[Saved data entries]
(* Let $G$ be a graph with vertices $a,b,c,d$, and let $H$ be any graph. There is perfect pair state transfer between $e_a-e_b$ and $e_c-e_d$ in $G$ if and only if there is perfect pair state transfer between $e_a-e_b$ and $e_c-e_d$ in the join of $G$ and $H$.
   Context: All graphs are finite and simple. The join of graphs $G_1,G_2$ has vertex set $V(G_1)\cup V(G_2)$ (disjoint) and edge set $E(G_1)\cup E(G_2)$ together with all edges having one end in $V(G_1)$ and the other in $V(G_2)$. For a graph $X$ with Laplacian $L=\Delta-A$ ($\Delta$ the degree matrix, $A$ the adjacency matrix), set $U(t)=\exp(itL)$. There is perfect pair state transfer between $e_a-e_b$ and $e_c-e_d$ in $X$ if there exist $t\ge 0$ and $\gamma\in\mathbb{C}$ with $|\gamma|=1$ such that $U(t)(e_a-e_b)=\gamma(e_c-e_d)$, where $e_v$ denotes the standard basis vector of vertex $v$. *)

theory Defs
  imports Complex_Main
begin

definition simple_graph :: "'a set \<Rightarrow> ('a \<Rightarrow> 'a \<Rightarrow> bool) \<Rightarrow> bool" where
  "simple_graph V E \<longleftrightarrow> finite V \<and> (\<forall>x y. E x y \<longrightarrow> x \<in> V \<and> y \<in> V)
     \<and> (\<forall>x y. E x y \<longrightarrow> E y x) \<and> (\<forall>x. \<not> E x x)"

definition join_V :: "'a set \<Rightarrow> 'b set \<Rightarrow> ('a + 'b) set" where
  "join_V V1 V2 = Inl ` V1 \<union> Inr ` V2"

fun join_E :: "'a set \<Rightarrow> ('a \<Rightarrow> 'a \<Rightarrow> bool) \<Rightarrow> 'b set \<Rightarrow> ('b \<Rightarrow> 'b \<Rightarrow> bool)
     \<Rightarrow> ('a + 'b) \<Rightarrow> ('a + 'b) \<Rightarrow> bool" where
  "join_E V1 E1 V2 E2 (Inl x) (Inl y) = E1 x y"
| "join_E V1 E1 V2 E2 (Inr x) (Inr y) = E2 x y"
| "join_E V1 E1 V2 E2 (Inl x) (Inr y) = (x \<in> V1 \<and> y \<in> V2)"
| "join_E V1 E1 V2 E2 (Inr x) (Inl y) = (x \<in> V2 \<and> y \<in> V1)"

text \<open>Vectors in C^V are functions 'a => complex (considered on V).
  Degree and Laplacian L = Delta - A acting on vectors.\<close>
definition degree :: "'a set \<Rightarrow> ('a \<Rightarrow> 'a \<Rightarrow> bool) \<Rightarrow> 'a \<Rightarrow> nat" where
  "degree V E x = card {y \<in> V. E x y}"

definition laplacian :: "'a set \<Rightarrow> ('a \<Rightarrow> 'a \<Rightarrow> bool) \<Rightarrow> ('a \<Rightarrow> complex) \<Rightarrow> ('a \<Rightarrow> complex)" where
  "laplacian V E f = (\<lambda>x. if x \<in> V
      then of_nat (degree V E x) * f x - (\<Sum>y\<in>{y \<in> V. E x y}. f y) else 0)"

text \<open>U(t) = exp(itL), the matrix exponential given by its power series
  sum_k (itL)^k / k!, applied to a vector.\<close>
definition transition :: "'a set \<Rightarrow> ('a \<Rightarrow> 'a \<Rightarrow> bool) \<Rightarrow> real \<Rightarrow> ('a \<Rightarrow> complex) \<Rightarrow> ('a \<Rightarrow> complex)" where
  "transition V E t f = (\<lambda>x. \<Sum>k. ((\<i> * of_real t) ^ k / of_nat (fact k)) * ((laplacian V E ^^ k) f) x)"

definition std_basis :: "'a \<Rightarrow> 'a \<Rightarrow> complex" where
  "std_basis v = (\<lambda>x. if x = v then 1 else 0)"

* Aim of the exercise
Keep only the lines from the one containing "(\<lambda>x. \<Sum>k. ((\<i>" to the end of the entries, and repeat them exactly.

* Output of the exercise
  "transition V E t f = (\<lambda>x. \<Sum>k. ((\<i> * of_real t) ^ k / of_nat (fact k)) * ((laplacian V E ^^ k) f) x)"

definition std_basis :: "'a \<Rightarrow> 'a \<Rightarrow> complex" where
  "std_basis v = (\<lambda>x. if x = v then 1 else 0)"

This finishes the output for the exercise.